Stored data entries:
_ _ _ _

lemma ereal_tendsto_divide_Suc_iff:
  fixes f :: "nat \<Rightarrow> real"
  shows "(\<lambda>n. ereal (f n / real n)) \<longlonglongrightarrow> l \<longleftrightarrow> (\<lambda>n. ereal (f n / real (Suc n))) \<longlonglongrightarrow> l"
proof -
  have rescale: "(\<lambda>n. ereal (f n / real (p n))) \<longlonglongrightarrow> l"
    if lim: "(\<lambda>n. ereal (f n / real (q n))) \<longlonglongrightarrow> l" and ratio: "(\<lambda>n. real (q n) / real (p n)) \<longlonglongrightarrow> 1"
      and pos: "\<And>n. n > 0 \<Longrightarrow> p n > 0 \<and> q n > 0" for p q :: "nat \<Rightarrow> nat"
  proof -
    have "(\<lambda>n. ereal (f n / real (q n)) * ereal (real (q n) / real (p n))) \<longlonglongrightarrow> l * ereal 1"
      by (rule tendsto_mult_ereal[OF lim]) (use tendsto_ereal[OF ratio] in auto)
    then have "(\<lambda>n. ereal (f n / real (q n)) * ereal (real (q n) / real (p n))) \<longlonglongrightarrow> l"
      by (simp add: one_ereal_def[symmetric])
    moreover have "\<forall>\<^sub>F n in sequentially.
        ereal (f n / real (q n)) * ereal (real (q n) / real (p n)) = ereal (f n / real (p n))"
      using eventually_gt_at_top[of 0] by eventually_elim (use pos in simp)
    ultimately show ?thesis
      by (rule Lim_transform_eventually)
  qed
  show ?thesis
  proof
    assume "(\<lambda>n. ereal (f n / real n)) \<longlonglongrightarrow> l"
    then show "(\<lambda>n. ereal (f n / real (Suc n))) \<longlonglongrightarrow> l"
      by (rule rescale[where p=Suc and q="\<lambda>n. n"]) (use LIMSEQ_n_over_Suc_n in auto)
  next
    assume "(\<lambda>n. ereal (f n / real (Suc n))) \<longlonglongrightarrow> l"
    then show "(\<lambda>n. ereal (f n / real n)) \<longlonglongrightarrow> l"
      by (rule rescale[where p="\<lambda>n. n" and q=Suc]) (use LIMSEQ_Suc_n_over_n in auto)
  qed
qed

lemma ereal_growth_rate_shift:
  fixes f g :: "nat \<Rightarrow> real"
  assumes "\<And>n. \<bar>f (Suc n) - g n\<bar> \<le> C"
  shows "(\<lambda>n. ereal (f n / real n)) \<longlonglongrightarrow> l \<longleftrightarrow> (\<lambda>n. ereal (g n / real n)) \<longlonglongrightarrow> l"
proof -
  have "(\<lambda>n. ereal (f n / real n)) \<longlonglongrightarrow> l \<longleftrightarrow> (\<lambda>n. ereal (f (Suc n) / real (Suc n))) \<longlonglongrightarrow> l"
    by (rule filterlim_sequentially_Suc[symmetric])
  also have "\<dots> \<longleftrightarrow> (\<lambda>n. ereal (f (Suc n) / real n)) \<longlonglongrightarrow> l"
    by (rule ereal_tendsto_divide_Suc_iff[symmetric])
  also have "\<dots> \<longleftrightarrow> (\<lambda>n. ereal (g n / real n)) \<longlonglongrightarrow> l"
  proof
    assume "(\<lambda>n. ereal (f (Suc n) / real n)) \<longlonglongrightarrow> l"
    then show "(\<lambda>n. ereal (g n / real n)) \<longlonglongrightarrow> l"
      by (rule ereal_tendsto_divide_bounded_diff[where C=C]) (use assms in \<open>simp add: abs_minus_commute\<close>)
  next
    assume "(\<lambda>n. ereal (g n / real n)) \<longlonglongrightarrow> l"
    then show "(\<lambda>n. ereal (f (Suc n) / real n)) \<longlonglongrightarrow> l"
      by (rule ereal_tendsto_divide_bounded_diff[where C=C]) (use assms in simp)
  qed
  finally show ?thesis .
qed

section \<open>Positive matrices with a random diagonal factor\<close>

lemma borel_measurable_vec_iff:
  fixes f :: "'a \<Rightarrow> real^'n"
  shows "f \<in> borel_measurable M \<longleftrightarrow> (\<forall>i. (\<lambda>x. f x $ i) \<in> borel_measurable M)"
  unfolding borel_measurable_euclidean_space[of f]
  by (auto simp: Basis_vec_def cart_eq_inner_axis)

lemma matrix_diag_mult_nth: "(A ** diag_mat e) $ i $ k = A$i$k * e$k"
  by (simp add: matrix_matrix_mult_def diag_mat_def if_distrib sum.delta cong: if_cong)

lemma borel_measurable_matrix_diag_mult_vec:
  fixes A :: "real^'n^'n"
  assumes e: "e \<in> borel_measurable M" and y: "y \<in> borel_measurable M"
  shows "(\<lambda>x. (A ** diag_mat (e x)) *v y x) \<in> borel_measurable M"
proof -
  have "(\<lambda>x. e x $ k) \<in> borel_measurable M" "(\<lambda>x. y x $ k) \<in> borel_measurable M" for k
    using e y borel_measurable_vec_iff by blast+
  then show ?thesis
    unfolding borel_measurable_vec_iff matrix_vector_mult_def matrix_diag_mult_nth by auto
qed

locale positive_diagonal_cocycle = prob_space M
  for M :: "'a measure" and T :: "'a \<Rightarrow> 'a" and A :: "real^'n^'n" and d :: "'a \<Rightarrow> real^'n"
    and l :: ereal +
  assumes T_bij: "bij_betw T (space M) (space M)"
    and T_measurable: "T \<in> M \<rightarrow>\<^sub>M M"
    and T_inv_measurable: "the_inv_into (space M) T \<in> M \<rightarrow>\<^sub>M M"
    and A_pos: "\<And>i k. A $ i $ k > 0"
    and d_measurable: "d \<in> borel_measurable M"
    and d_pos: "\<And>x k. x \<in> space M \<Longrightarrow> d x $ k > 0"
    and lyapunov: "top_lyapunov_exponent M T (\<lambda>x. A ** diag_mat (d x)) l"
begin

definition S :: "'a \<Rightarrow> real^'n^'n" where
  "S = (\<lambda>x. A ** diag_mat (d x))"

lemma A_diag_mult_eq_S: "A ** diag_mat (d x) = S x"
  by (simp add: S_def)

definition A_min :: real where
  "A_min = Min (range (\<lambda>(i, k). A $ i $ k))"

definition A_max :: real where
  "A_max = Max (range (\<lambda>(i, k). A $ i $ k))"

lemma A_min_le: "A_min \<le> A $ i $ k" and le_A_max: "A $ i $ k \<le> A_max"
  using rangeI[of "\<lambda>(i, k). A $ i $ k" "(i, k)"] by (auto simp: A_min_def A_max_def)

lemma A_min_pos: "A_min > 0"
proof -
  have "A_min \<in> range (\<lambda>(i, k). A $ i $ k)"
    unfolding A_min_def by (rule Min_in) auto
  then show ?thesis
    using A_pos by auto
qed

lemma T_in_space: "x \<in> space M \<Longrightarrow> T x \<in> space M"
  using measurable_space[OF T_measurable] .

lemma T_inv_T: "x \<in> space M \<Longrightarrow> the_inv_into (space M) T (T x) = x"
  using the_inv_into_f_f[OF bij_betw_imp_inj_on[OF T_bij]] .

sublocale comparable_cocycle S "the_inv_into (space M) T" "space M" d A_min A_max
proof
  show "the_inv_into (space M) T z \<in> space M" if "z \<in> space M" for z
    using measurable_space[OF T_inv_measurable that] .
  show "0 < A_min" "A_min \<le> A_max"
    using A_min_pos A_min_le le_A_max order_trans by blast+
  show "rows_comparable A_min A_max (d z) (S z)" "pos_vec (d z)" if "z \<in> space M" for z
    using d_pos[OF that] A_min_le le_A_max
    by (auto simp: rows_comparable_def pos_vec_def S_def matrix_diag_mult_nth intro: mult_right_mono)
qed

lemma S_nonneg: "x \<in> space M \<Longrightarrow> 0 \<le> S x $ i $ k"
  using A_pos[of i k] d_pos[of x k] by (simp add: S_def matrix_diag_mult_nth)

definition \<rho> :: "'a \<Rightarrow> real" where
  "\<rho> x = norm (S x *v w x)"

lemma S_mult_w:
  assumes x: "x \<in> space M"
  shows "\<rho> x > 0" and "S x *v w x = \<rho> x *\<^sub>R w (T x)"
proof -
  have nonzero: "S x *v w x \<noteq> 0"
    using pos_vec_nonzero[OF S_mult_pos_vec[OF x w_pos_vec[OF x]]] .
  then show "\<rho> x > 0"
    by (simp add: \<rho>_def)
  have "w (T x) = sgn (S x *v w x)"
    using w_eq_sgn_S_mult_w[OF T_in_space[OF x]] T_inv_T[OF x] by simp
  then show "S x *v w x = \<rho> x *\<^sub>R w (T x)"
    using nonzero by (simp add: \<rho>_def sgn_div_norm)
qed

lemma S_mult_measurable:
  assumes "f \<in> borel_measurable M" and "g \<in> M \<rightarrow>\<^sub>M M"
  shows "(\<lambda>x. S (g x) *v f x) \<in> borel_measurable M"
  using borel_measurable_matrix_diag_mult_vec[OF measurable_compose[OF assms(2) d_measurable] assms(1)]
  by (simp add: S_def comp_def)

lemma w_measurable: "w \<in> borel_measurable M"
proof (rule borel_measurable_LIMSEQ_metric)
  have "(\<lambda>z. pullback n z 1) \<in> borel_measurable M" for n
  proof (induction n)
    case (Suc n)
    then show ?case
      unfolding pullback.simps
      by (intro S_mult_measurable T_inv_measurable measurable_compose[OF T_inv_measurable])
  qed simp
  then show "(\<lambda>z. sgn (pullback n z 1)) \<in> borel_measurable M" for n
    by measurable
  show "\<And>z. z \<in> space M \<Longrightarrow> (\<lambda>n. sgn (pullback n z 1)) \<longlonglongrightarrow> w z"
    by (rule pullback_one_sgn_tendsto)
qed

lemma cocycle_mult_w_measurable: "(\<lambda>x. cocycle T S n x *v w x) \<in> borel_measurable M"
proof (induction n)
  case 0
  then show ?case
    using w_measurable by (simp add: matrix_vector_mul_lid)
next
  case (Suc n)
  then show ?case
    using S_mult_measurable[OF Suc measurable_compose_n[OF T_measurable]]
    by (simp add: matrix_vector_mul_assoc del: funpow.simps)
qed

definition \<Omega>0 :: "'a set" where
  "\<Omega>0 = {x \<in> space M. (\<lambda>n. ereal (ln (norm (cocycle T S n x *v w x)) / real n)) \<longlonglongrightarrow> l}"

_ _ _ _

WORK REQUEST: Both the first line of the data above and the line with "real (q n)))" must be included; please return exactly those lines and the ones between them.

EXERCISE RESPONSE:
lemma ereal_tendsto_divide_Suc_iff:
  fixes f :: "nat \<Rightarrow> real"
  shows "(\<lambda>n. ereal (f n / real n)) \<longlonglongrightarrow> l \<longleftrightarrow> (\<lambda>n. ereal (f n / real (Suc n))) \<longlonglongrightarrow> l"
proof -
  have rescale: "(\<lambda>n. ereal (f n / real (p n))) \<longlonglongrightarrow> l"
    if lim: "(\<lambda>n. ereal (f n / real (q n))) \<longlonglongrightarrow> l" and ratio: "(\<lambda>n. real (q n) / real (p n)) \<longlonglongrightarrow> 1"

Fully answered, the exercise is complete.